Clostridium difficileassociated disease (CDAD) has become a significant nosocomial infection in medical institutions, and recurrent CDAD is emerging as a disease of concern for hospitalists. Diagnostic delays represent a major epidemiologic problem, resulting in both delay of treatment delay of the index case and delay in implementing isolation procedures to prevent horizontal transmission. In this study, patients with recurrent disease did not have stool collected any earlier than did patients with their initial episode of CDAD, and these diagnostic delays did not change in successive eras. Recurrent disease patients did receive treatment earlier than did patients with initial episodes. Although this empiric treatment strategy is encouraging and likely reflects heightened awareness of the disease over time, the 2.5‐day span from symptoms to treatment is still a clinically significant delay.
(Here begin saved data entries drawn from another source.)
(* Let $A\in\mathbb{R}^{nm\times nm}$ be symmetric with eigenvalues $\lambda_1\le\lambda_2\le\dots\le\lambda_{nm}$, let $x=\operatorname{vec}(X)$ with $\|x\|=1$ and thin SVD $X=USV^\top$ ($U^\top U=I_r$, $V^\top V=I_r$, $S$ diagonal positive), and let $C=A-\mathfrak{R}(x)I_{nm}$ with $\mathfrak{R}(x)=x^\top Ax$. Then for every nonzero $\tau\in\mathbb{R}^{nr+mr+r^2}$ with $B^\top\tau=0$: (i) $z=E\tau$ is nonzero, orthogonal to $x$, satisfies $\|z\|=\|\tau\|$, and $\tau^\top C_{\mathrm{loc}}\tau=z^\top Cz$; consequently \[ \frac{\tau^\top C_{\mathrm{loc}}\tau}{\tau^\top\tau}\in\Big[\min_{z\perp x,\,z\ne0}\frac{z^\top Cz}{z^\top z},\ \max_{z\perp x,\,z\ne0}\frac{z^\top Cz}{z^\top z}\Big]; \] (ii) $\tau^\top C_{\mathrm{loc}}\tau\ge(\lambda_1+\lambda_2-2\mathfrak{R}(x))\,\|\tau\|^2$. In particular, if $\mathfrak{R}(x)<(\lambda_1+\lambda_2)/2$, then $C_{\mathrm{loc}}$ is positive definite on the subspace $\{\tau: B^\top\tau=0\}$, and the condition number of $(I-BB^\top)C_{\mathrm{loc}}(I-BB^\top)$ restricted to this subspace is at most $\dfrac{\max_{z\perp x,z\ne0} z^\top Cz/z^\top z}{\min_{z\perp x,z\ne0} z^\top Cz/z^\top z}$.
   Context: $\operatorname{vec}$ is columnwise reshaping. Define $E_v=V\otimes I_n$, $E_u=I_m\otimes U$, $E_{vu}=V\otimes U$, the $nm\times(nr+mr+r^2)$ matrix $E=[E_v\ E_u\ E_{vu}]$ (so $E\,(\operatorname{vec}(U_z),\operatorname{vec}(V_z^\top),\operatorname{vec}(S_z))=\operatorname{vec}(U_zV^\top+UV_z^\top+US_zV^\top)$), and for $M\in\mathbb{R}^{nm\times nm}$, $a,b\in\{v,u,vu\}$, $M_{a,b}=E_a^\top ME_b$. The local matrix is $C_{\mathrm{loc}}=E^\top CE=[C_{a,b}]_{a,b\in\{v,u,vu\}}$. Further \[ B=\begin{bmatrix} I_r\otimes U&0&0\\ 0&V\otimes I_r&0\\ 0&0&\operatorname{vec}(S)\end{bmatrix}, \] so that for $\tau=(\operatorname{vec}(U_z),\operatorname{vec}(V_z^\top),\operatorname{vec}(S_z))$ the condition $B^\top\tau=0$ means $U^\top U_z=0$, $V^\top V_z=0$, $\operatorname{vec}(S)^\top\operatorname{vec}(S_z)=0$. *)

theory Defs
  imports "Jordan_Normal_Form.Char_Poly"
begin
(* Let $Y,Z$ be random variables with standard alphabets $(A_Y,\mathcal B_{A_Y})$, $(A_Z,\mathcal B_{A_Z})$, let $T:A_Y\times A_Z\to A_X$ be measurable with $(A_X,\mathcal B_{A_X})$ standard, and let $X=T(Y,Z)$. Partition $A_Z=A_Z^0\cup A_Z^{\mathrm{atomic}}\cup A_Z^{\mathrm{continuous}}$, where $A_Z^0$ is the set of $z$ for which $P_{X_z}=\mathbb P(X\in\cdot\,|Z=z)$ is concentrated on a single point; $A_Z^{\mathrm{atomic}}$ is the set of $z$ for which $P_{X_z}(B_X)=1$ for some at most countable, non-singleton $B_X\in\mathcal B_{A_X}$ (and $P_{X_z}$ is not concentrated on a single point); and $A_Z^{\mathrm{continuous}}$ is the set of $z$ for which there is $B_X\in\mathcal B_{A_X}$ with $P_{X_z}(B_X)>0$ and $P_{X_z}(\{x\})=0$ for all $x\in B_X$. Then \[I(X;Y|Z)=\begin{cases}\displaystyle\int_{A_Z^{\mathrm{atomic}}}I(X_z;Y_z)\,\mathrm dP_Z(z) & \text{if } P_Z(A_Z^{\mathrm{continuous}})=0,\\ \infty & \text{otherwise.}\end{cases}\] In particular, if $P_Z(A_Z^0)=1$ then $I(X;Y|Z)=0$.
   Context: $P_f$ denotes the distribution of a random variable $f$. A standard measurable space is one isomorphic via a bi-measurable bijection to a Borel subset of a Polish space (so regular conditional probabilities and disintegrations exist). $\mathrm{KL}(P\|M)=\int\ln\frac{\mathrm dP}{\mathrm dM}\,\mathrm dP$ if $P\ll M$ and $\infty$ otherwise; $I(X;Y)=\mathrm{KL}(P_{XY}\|P_X\otimes P_Y)$. The measure $P_{X\times Y|Z}$ is defined by $P_{X\times Y|Z}(B_X\times B_Y\times B_Z)=\int_{B_Z}\mathbb P(X\in B_X|Z=z)\mathbb P(Y\in B_Y|Z=z)\,\mathrm dP_Z(z)$ with regular conditional distributions, and $I(X;Y|Z)=\mathrm{KL}(P_{XYZ}\|P_{X\times Y|Z})$. For $z\in A_Z$, the $Z$-conditioned random variables $X_z,Y_z$ have joint distribution $(P_{XYZ})_z$, the disintegration of $P_{XYZ}$ with respect to $P_Z$, i.e. $(P_{XYZ})_z(B_X\times B_Y)=\mathbb P(X\in B_X,Y\in B_Y|Z=z)$; their marginals are $P_{X_z}=\mathbb P(X\in\cdot|Z=z)$ and $P_{Y_z}=\mathbb P(Y\in\cdot|Z=z)$. (For instance, with transfer entropy $T_{U\to V,t}=I(V_{t+1};U_t|V_t)$ and $V_{t+1}=T(U_t,V_t)$, this gives $T_{U\to V,t}=\infty$ whenever $\mathbb P(V_{t+1}\in\cdot|V_t=v)$ charges an atomless continuum for a positive-measure set of $v$.) *)

theory Defs
  imports "HOL-Probability.Probability"
begin
lemma emeasure_PPP_Wword_eq:
  assumes w: "w \<in> words M (k - 1)" and w': "w' \<in> words M (k - 1)"
  shows "emeasure (PPP lam) {\<omega> \<in> space (PPP lam). Wword r0 k \<omega> = w}
    = emeasure (PPP lam) {\<omega> \<in> space (PPP lam). Wword r0 k \<omega> = w'}"
proof -
  let ?m = "\<Sum>j\<in>{1..k-1}. M j"
  have ws: "set w \<subseteq> {1..k-1}" "length w = ?m" "set w' \<subseteq> {1..k-1}" "length w' = ?m"
    using w w' length_words by (auto simp: words_def)
  have "emeasure unif_seq {f. Wword r0 k (n, f) = w} = emeasure unif_seq {f. Wword r0 k (n, f) = w'}" for n
    unfolding emeasure_Wword_event_eq_sum[OF ws(1,2)] emeasure_Wword_event_eq_sum[OF ws(3,4)]
    using emeasure_lens_region_eq[OF _ ws] by (rule sum.cong[OF refl])
  moreover have "emeasure (PPP lam) {\<omega> \<in> space (PPP lam). Wword r0 k \<omega> = v}
      = (\<integral>\<^sup>+n. emeasure unif_seq {f. Wword r0 k (n, f) = v} \<partial>measure_pmf (poisson_pmf lam))" for v
    by (rule emeasure_PPP_event) (rule Wword_event_measurable)
  ultimately show ?thesis by presburger
qed

lemma mcount_event_PPP_measurable:
  "{\<omega> \<in> space (PPP lam). \<forall>j\<in>{1..k-1}. mcount r0 k j \<omega> = M j} \<in> sets (PPP lam)"
  by (rule PPP_event_measurable) (rule mcount_event_measurable)

lemma Wword_event_PPP_measurable: "{\<omega> \<in> space (PPP lam). Wword r0 k \<omega> = w} \<in> sets (PPP lam)"
  by (rule PPP_event_measurable) (rule Wword_event_measurable)

lemma cond_prob_W_welldef:
  assumes pos: "\<P>(\<omega> in PPP lam. \<forall>j\<in>{1..k-1}. mcount r0 k j \<omega> = M j) > 0"
  shows "\<P>(\<omega> in PPP lam. W_welldef r0 k \<omega> \<bar> \<forall>j\<in>{1..k-1}. mcount r0 k j \<omega> = M j) = 1"
proof -
  interpret prob_space "PPP lam" by (rule prob_space_PPP)
  let ?C = "{\<omega> \<in> space (PPP lam). \<forall>j\<in>{1..k-1}. mcount r0 k j \<omega> = M j}"
  let ?WC = "{\<omega> \<in> space (PPP lam). W_welldef r0 k \<omega> \<and> (\<forall>j\<in>{1..k-1}. mcount r0 k j \<omega> = M j)}"
  have "?WC = {\<omega> \<in> space (PPP lam). W_welldef r0 k \<omega>} \<inter> ?C" by auto
  moreover have "{\<omega> \<in> space (PPP lam). W_welldef r0 k \<omega>} \<in> sets (PPP lam)"
    by (rule PPP_event_measurable) (rule W_welldef_event_measurable)
  ultimately have "?WC \<in> sets (PPP lam)" using mcount_event_PPP_measurable by simp
  then have "prob ?WC = prob ?C"
    using AE_W_welldef[of lam] mcount_event_PPP_measurable
    by (intro measure_eq_AE) (auto elim!: AE_mp)
  then show ?thesis using pos by (simp add: cond_prob_def)
qed

lemma cond_prob_Wword:
  assumes pos: "\<P>(\<omega> in PPP lam. \<forall>j\<in>{1..k-1}. mcount r0 k j \<omega> = M j) > 0"
    and w: "w \<in> words M (k - 1)"
  shows "\<P>(\<omega> in PPP lam. Wword r0 k \<omega> = w \<bar> \<forall>j\<in>{1..k-1}. mcount r0 k j \<omega> = M j)
    = 1 / real (card (words M (k - 1)))"
proof -
  interpret prob_space "PPP lam" by (rule prob_space_PPP)
  let ?C = "{\<omega> \<in> space (PPP lam). \<forall>j\<in>{1..k-1}. mcount r0 k j \<omega> = M j}"
  let ?S = "\<lambda>w. {\<omega> \<in> space (PPP lam). Wword r0 k \<omega> = w}"
  have "prob ?C = prob (\<Union>v\<in>words M (k - 1). ?S v)"
    using Wword_in_words_iff by (intro arg_cong[where f=prob]) auto
  also have "\<dots> = (\<Sum>v\<in>words M (k - 1). prob (?S v))"
    by (rule measure_finite_Union)
      (use Wword_event_PPP_measurable[of lam] in \<open>auto simp: finite_words disjoint_family_on_def emeasure_eq_measure\<close>)
  also have "\<dots> = real (card (words M (k - 1))) * prob (?S w)"
    using emeasure_PPP_Wword_eq[OF _ w] by (simp add: measure_def)
  finally have C: "prob ?C = real (card (words M (k - 1))) * prob (?S w)" .
  moreover have "\<P>(\<omega> in PPP lam. Wword r0 k \<omega> = w \<and> (\<forall>j\<in>{1..k-1}. mcount r0 k j \<omega> = M j)) = prob (?S w)"
    using w Wword_in_words_iff by (intro arg_cong[where f=prob]) auto
  moreover have "prob (?S w) \<noteq> 0" using C pos by (metis mult_zero_right less_irrefl)
  ultimately show ?thesis using pos by (simp add: cond_prob_def)
qed

end
(* Consider the segregation process with window size $w$ on a ring network of size $n$, started from a uniformly random initial configuration. For any fixed $w$, as $n\to\infty$, the probability that the process eventually reaches a frozen configuration converges to $1$.
   Context: Segregation process: the nodes of an $n$-cycle are indexed mod $n$; at every time there is a bijection between $n$ individuals and the nodes, and each individual has a type (label) $x$ or $o$. Initially each node independently receives label $x$ or $o$ with probability $1/2$ each. With sign $+1$ for $x$ and $-1$ for $o$, the $x$-bias $\beta_t(i)$ of node $i$ at time $t$ is the sum of the signs of the labels of nodes $i-w,\dots,i+w$ (mod $n$). An individual of type $x$ at node $i$ is happy iff $\beta_t(i)>0$, one of type $o$ iff $\beta_t(i)<0$; otherwise unhappy. At each time step two individuals are chosen uniformly at random; if both are unhappy and of opposite types they exchange nodes, otherwise nothing changes. A frozen configuration is one in which no further swaps are possible (i.e. there are not both an unhappy $x$ and an unhappy $o$). *)

theory Defs
  imports "HOL-Probability.Probability"
begin

text \<open>A configuration of the n-cycle is a list of labels of length n;
  node i (0 \<le> i < n) carries label cfg ! i, where True = type x and False = type o.
  Individuals are identified with the nodes they currently occupy (the dynamics only
  depend on the labels).\<close>

definition sgn_lab :: "bool \<Rightarrow> int" where
  "sgn_lab b = (if b then 1 else -1)"

definition xbias :: "nat \<Rightarrow> bool list \<Rightarrow> nat \<Rightarrow> int" where
  "xbias w cfg i =
     (\<Sum>d\<in>{-int w..int w}. sgn_lab (cfg ! nat ((int i + d) mod int (length cfg))))"

definition happy :: "nat \<Rightarrow> bool list \<Rightarrow> nat \<Rightarrow> bool" where
  "happy w cfg i = (if cfg ! i then xbias w cfg i > 0 else xbias w cfg i < 0)"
Also of concern is the range of time from symptoms to treatment, as long as 19 days in the recurrent treatment group. Although most patients were treated within 12 days, this variability represents the burden of infectious patients with the potential for infecting others. Targeting recurrent CDAD populations for early diagnosis, treatment, and isolation would almost certainly reduce the morbidity associated with horizontal transmission rates.9

This study had several limitations. Our data found a lower incidence of recurrent CDAD than previously published in the literature. This can be accounted for by the identification of cases by ICD9 code, which previously has been documented to underestimate true disease.10, 11 We also were not able to capture recurrent episodes in outpatients or episodes that occurred after the 2004 cohort, which underestimated the true frequency of recurrence. At worst, this underestimation could bias the results toward the null hypothesis. An additional limitation of the study was the assumption that time to treatment was accurately reflected by time to prescription of either vancomycin or flagyl. Some patients may have been treated by suspending treatment with the offending antibiotic along with watchful waiting, which is a reasonable strategy for patients with mild disease and is endorsed by the American College of Gastroenterology and the Society for Healthcare Epidemiology of America.12, 13 This would overestimate time to treatment for those individuals and would make time to treatment appear longer, but would not affect time to sampling. In addition, the symptoms collected from chart review were assumed to be a result of the patient's CDAD, but there is a chance that these symptoms such as diarrhea, abdominal pain, and cramping may have been a result of a different diagnosis. These data were also limited to a cohort from a single institution and may not reflect the patient characteristics or practice patterns at other institutions.

In conclusion, CDAD is a major contributor to morbidity from nosocomial infections, and recurrent CDAD patients are a likely source of horizontal disease transmission. This study documented that there are significant diagnostic and treatment delays, even in populations with recurrent disease. It is especially important that hospitalists take measures to improve the early diagnosis, treatment, and isolation of these patients in order to improve these deficiencies in care.